I made his stuffed elephant talk. I turned on Grateful Dead. I did my best Lisa Turtle impression, dancing “the sprain.” I tried my best to distract him from his mood, but being a one woman show is exhausting. Also, I’m clearly not a good one woman show because nothing worked.
Where is Amy Schumer when you need her?
I had a moment of panic. HOW DO I FIX THIS?!
And, in that moment, I saw myself. Not in the “oh my gosh, this child is so beautiful and don’t we look so much alike?” way. But in the, “there have been so many moments in my life where I have felt something that wasn’t full of rainbows and unicorns and my default was to try to fix it” way.
When the feelings that were tougher for me to experience, like rejection, failure, and heartbreak, came up for me, I used to be an expert at defaulting to fix it mode (otherwise known as cover it up mode, push it down mode, or run like hell from it mode). Many times I would turn to food, online shopping, or social media just to try to escape the thing that felt uncomfortable to feel in an effort to “fix it.”
But, no matter how many brownies smeared in nut butter I ate, how many blouses and ankle boots I bought, or how many photos of perfectly poured lattes I liked, the feeling was still waiting for me (often magnified thanks to the aforementioned fixing techniques).
I spent a lot of years thinking that uncomfortable feelings meant I was doing something wrong. Like, if I was skinnier or had the perfect job or traveled the world for a year that I would never have to feel anything other than relaxation, excitement, and joy.
I’ve tried to think a lot about when I started to believe that feeling something uncomfortable meant “you need fixed!” rather than “you need felt.” I still can’t quite figure it out. But, what I do remember vividly is the moment I decided to try something new.
At the time, I was working at the law firm and had a very challenging day at the office. One of the partners I worked with had said something very hurtful about me to another one of the partners, who had then told me what she had said. I felt rejected. I felt like a failure. And I felt heartbroken. It was all of my least favorite feelings wrapped up in a bow (but not a pretty bow, more like a bow made of poop. I’m no Martha Stewart, but even I know that NOBODY LIKES A BOW MADE OF POOP!).

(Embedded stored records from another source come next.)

theorem theorem5p15:
  fixes T :: real
    and H :: "nat \<Rightarrow> real \<Rightarrow> real^'n \<Rightarrow> real^'n \<Rightarrow> real"
    and tt :: "nat \<Rightarrow> real" and xx :: "nat \<Rightarrow> real^'n" and aa :: "nat \<Rightarrow> (real^'n) \<times> real"
  assumes cont: "\<And>i. continuous_on ({0..T} \<times> UNIV \<times> UNIV) (\<lambda>(t, x, p). H i t x p)"
    and conv: "\<And>i t x. t \<in> {0..T} \<Longrightarrow> convex_on UNIV (H i t x)"
    and unif: "\<And>K. compact K \<Longrightarrow> K \<subseteq> {0..T} \<times> UNIV \<times> UNIV \<Longrightarrow>
                 uniform_limit K (\<lambda>i (t, x, p). H i t x p) (\<lambda>(t, x, p). H 0 t x p) sequentially"
    and t_in: "\<And>i. tt i \<in> {0..T}"
    and t_lim: "(\<lambda>i. tt (Suc i)) \<longlonglongrightarrow> tt 0"
    and x_lim: "(\<lambda>i. xx (Suc i)) \<longlonglongrightarrow> xx 0"
    and a_lim: "(\<lambda>i. aa (Suc i)) \<longlonglongrightarrow> aa 0"
  shows "(\<lambda>i. e_sel (H (Suc i)) (tt (Suc i)) (xx (Suc i)) (aa (Suc i)))
           \<longlonglongrightarrow> e_sel (H 0) (tt 0) (xx 0) (aa 0)"
proof -
  define G where "G = (\<lambda>i. H (Suc i) (tt (Suc i)) (xx (Suc i)))"
  define G0 where "G0 = H 0 (tt 0) (xx 0)"
  have "uniform_limit K (\<lambda>i (t, x, p). H (Suc i) t x p) (\<lambda>(t, x, p). H 0 t x p) sequentially"
    if "compact K" "K \<subseteq> {0..T} \<times> UNIV \<times> UNIV" for K
    using filterlim_sequentially_Suc[THEN iffD2, OF unif[OF that]] by simp
  then have "uniform_limit (cball 0 R) G G0 sequentially" for R
    unfolding G_def G0_def
    by (rule uniform_limit_along_convergent_parameters[OF _ cont t_lim t_in t_in x_lim compact_cball])
  then interpret epi: kuratowski_convergence "\<lambda>i. conj_epigraph (G i)" "conj_epigraph G0"
    using conv t_in by (intro kuratowski_convergence_conj_epigraph) (auto simp: G_def G0_def)
  interpret cap: kuratowski_convergence "\<lambda>i. proximal_cap (conj_epigraph (G i)) (aa (Suc i))"
      "proximal_cap (conj_epigraph G0) (aa 0)"
    by (rule epi.kuratowski_convergence_proximal_cap[OF a_lim convex_conj_epigraph])
  obtain M where "\<And>i. proximal_cap (conj_epigraph (G i)) (aa (Suc i)) \<subseteq> cball 0 M"
    using epi.proximal_cap_bounded[OF a_lim] by blast
  from cap.steiner_point_tendsto[OF this] show ?thesis
    by (simp add: e_sel_def Phi_set_eq_proximal_cap E_set_eq_conj_epigraph G_def G0_def)
qed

I left the office and headed home. When I got there, I realized Tim wasn’t home from work yet. Traditionally, the most binge-triggering time of the day for me was the hour or so after work, when I was feeling exhausted, often struggling with more challenging emotions, and was in the house alone. I went into the kitchen and started rummaging. I went through the cabinets hunting for something that would make me less of a rejected, heartbroken failure. MISSION ACCOMPLISHED! I found a bag of pretzels, some cookies, chocolate chips, and a jar of peanut butter. NAILED IT! Extra points because I was confident I could smash all these foods up and eat them together in some sort of sweet-salty combo.

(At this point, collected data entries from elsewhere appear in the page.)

lemma is_norm_sum_le:
  assumes "is_norm N" shows "N (\<Sum>i\<in>I. f i) \<le> (\<Sum>i\<in>I. N (f i))"
proof (induction I rule: infinite_finite_induct)
  case (insert i I)
  have "N (f i + sum f I) \<le> N (f i) + N (sum f I)" by (rule is_normD(4)[OF assms])
  then show ?case using insert by simp
qed (use is_normD(2)[OF assms, of 0] in simp_all)

lemma is_norm_minus_commute:
  assumes "is_norm N" shows "N (x - y) = N (y - x)"
proof -
  have "N (x - y) = N ((-1) *\<^sub>R (y - x))" by simp
  also have "\<dots> = N (y - x)" unfolding is_normD(3)[OF assms] by simp
  finally show ?thesis .
qed

lemma is_norm_le_sum_axis:
  assumes "is_norm N" shows "N x \<le> (\<Sum>i\<in>UNIV. N (axis i 1)) * norm x"
proof -
  have "N x = N (\<Sum>i\<in>UNIV. x$i *\<^sub>R axis i 1)"
    by (metis (no_types) basis_expansion scalar_mult_eq_scaleR)
  also have "\<dots> \<le> (\<Sum>i\<in>UNIV. N (x$i *\<^sub>R axis i 1))" by (rule is_norm_sum_le[OF assms])
  also have "\<dots> = (\<Sum>i\<in>UNIV. \<bar>x$i\<bar> * N (axis i 1))" unfolding is_normD(3)[OF assms] ..
  also have "\<dots> \<le> (\<Sum>i\<in>UNIV. norm x * N (axis i 1))"
    by (intro sum_mono mult_right_mono component_le_norm_cart is_normD(1)[OF assms])
  finally show ?thesis by (simp add: sum_distrib_left mult.commute)
qed

lemma continuous_on_is_norm:
  assumes "is_norm N" shows "continuous_on S N"
proof -
  define C where "C = (\<Sum>i\<in>UNIV. N (axis i 1))"
  have "C \<ge> 0" unfolding C_def by (intro sum_nonneg is_normD(1)[OF assms])
  then have "C-lipschitz_on UNIV N"
  proof (rule lipschitz_onI[rotated])
    fix x y :: "real^'a"
    have "N x \<le> N (x - y) + N y" "N y \<le> N (y - x) + N x"
      using is_normD(4)[OF assms] by (metis diff_add_cancel)+
    then have "\<bar>N x - N y\<bar> \<le> N (x - y)" using is_norm_minus_commute[OF assms, of x y] by linarith
    also have "\<dots> \<le> C * norm (x - y)" unfolding C_def by (rule is_norm_le_sum_axis[OF assms])
    finally show "dist (N x) (N y) \<le> C * dist x y" by (simp add: dist_norm dist_real_def)
  qed
  then show ?thesis by (meson continuous_on_subset lipschitz_on_continuous_on top_greatest)
qed

lemma vnorm_nonneg: "0 \<le> vnorm N v w"
  by (simp add: vnorm_def)

lemma vnorm_pos:
  assumes "is_norm N" "w \<noteq> 0" shows "0 < vnorm N v w"
proof (cases "fst w = 0")
  case True
  then have "snd w \<noteq> 0" using assms(2) by (cases w) (auto simp: zero_prod_def)
  then show ?thesis using True is_normD(2)[OF assms(1), of 0] by (simp add: vnorm_def)
next
  case False
  then have "N (fst w) \<noteq> 0" using is_normD(2)[OF assms(1)] by blast
  then show ?thesis by (simp add: vnorm_def add_pos_nonneg)
qed

lemma vnorm_scaleR_ge:
  assumes "is_norm N" "\<bar>c\<bar> \<le> 1"
  shows "c\<^sup>2 * (vnorm N v w)\<^sup>2 \<le> (vnorm N v (c *\<^sub>R w))\<^sup>2"
proof -
  define X where "X = \<bar>v \<bullet> fst w + snd w\<bar>"
  have "c\<^sup>2 \<le> \<bar>c\<bar>"
    using mult_left_le[OF assms(2) abs_ge_zero[of c]] by (metis abs_mult_self_eq power2_eq_square)
  then have "c\<^sup>2 * X \<le> \<bar>c\<bar> * X" by (rule mult_right_mono) (simp add: X_def)
  moreover have "\<bar>v \<bullet> fst (c *\<^sub>R w) + snd (c *\<^sub>R w)\<bar> = \<bar>c\<bar> * X"
    unfolding X_def by (simp add: abs_mult[symmetric] algebra_simps)
  moreover have "N (fst (c *\<^sub>R w)) = \<bar>c\<bar> * N (fst w)" by (simp add: is_normD(3)[OF assms(1)])
  ultimately show ?thesis
    unfolding vnorm_def X_def by (simp add: power_mult_distrib distrib_left)
qed

lemma continuous_on_vnorm:
  assumes "is_norm N" shows "continuous_on S (vnorm N v)"
proof -
  have "continuous_on S (\<lambda>w. N (fst w))"
    using continuous_on_compose2[OF continuous_on_is_norm[OF assms] continuous_on_fst[OF continuous_on_id]]
    by blast
  then show ?thesis unfolding vnorm_def[abs_def] by (intro continuous_intros)
qed

section \<open>Faces and the local facial distance\<close>

lemma polytope_convex_hull_range:
  fixes c :: "'n::finite \<Rightarrow> 'v::euclidean_space"
  shows "polytope (convex hull (range c))"
  unfolding polytope_def by (intro exI[of _ "range c"]) auto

As I took out a mixing bowl, I heard my coach Amy’s voice in my head. She gently said, “if you choose to feel it, you can handle it.”
I decided in that moment to that I would try. After all, those pretzels would still be there in a few minutes, right?
I left all the food on the counter, went up to my bedroom, took off my bra (trust me: it’s so much easier to feel feelings when you can ditch the bra), and got under the covers. It was still light out but I didn’t care. I let all the weight of my head sink into the pillow and I cried my eyes out. I cried so hard. I cried because I had been working so much. I cried because, even if I didn’t want it to, what that partner thought about me did matter to me. I cried because I thought she was my mentor and it turned out she didn’t care about me the way that I thought she had. I cried because I was really unhappy at my job and it pissed me off that I was letting something that made me so unhappy make me even MORE unhappy. I cried because it felt good to cry. I just felt it ALL. Once I got started feeling, it was like I entered the calm eye of the storm. It actually felt so quiet to be in the midst of so many feelings. I just let myself lay there, feeling and crying, for a long time.
The next thing I knew, Tim was waking me up. He was standing over me asking “are you sick? Is everything OK?” I guess somewhere between sobbing like a child and feeling all the feelings, I had fallen asleep.
My eyes were swollen and itchy from all the tears, but I was pleasantly surprised to find that my answer to Tim was “yes!! I am OK!” Just like Amy had promised, I was able to handle it. I was suddenly free to feel those uncomfortable feelings. The best part about feeling it? The release that came after.
Since then, I’ve tried to remember to do less fixing and more feeling.
So, on Monday morning when all of my fixing flopped, I remembered this. I remembered to fix less and feel more.
I looked at Osh in the eyes and said “sometimes we just feel sad and, hey! It’s OK to feel sad.” I gave him a hug, let him cry, and pretty soon he fell asleep (like mother, like son, I guess!), too.
If you’re also trying to fix less and feel more, some my favorite ways to be in the moment with tough feelings are: crying, journaling (often while crying), praying (can be done while crying), walking outside (usually while crying), hot showers (also while crying) and getting a hug from someone I love (100% while crying).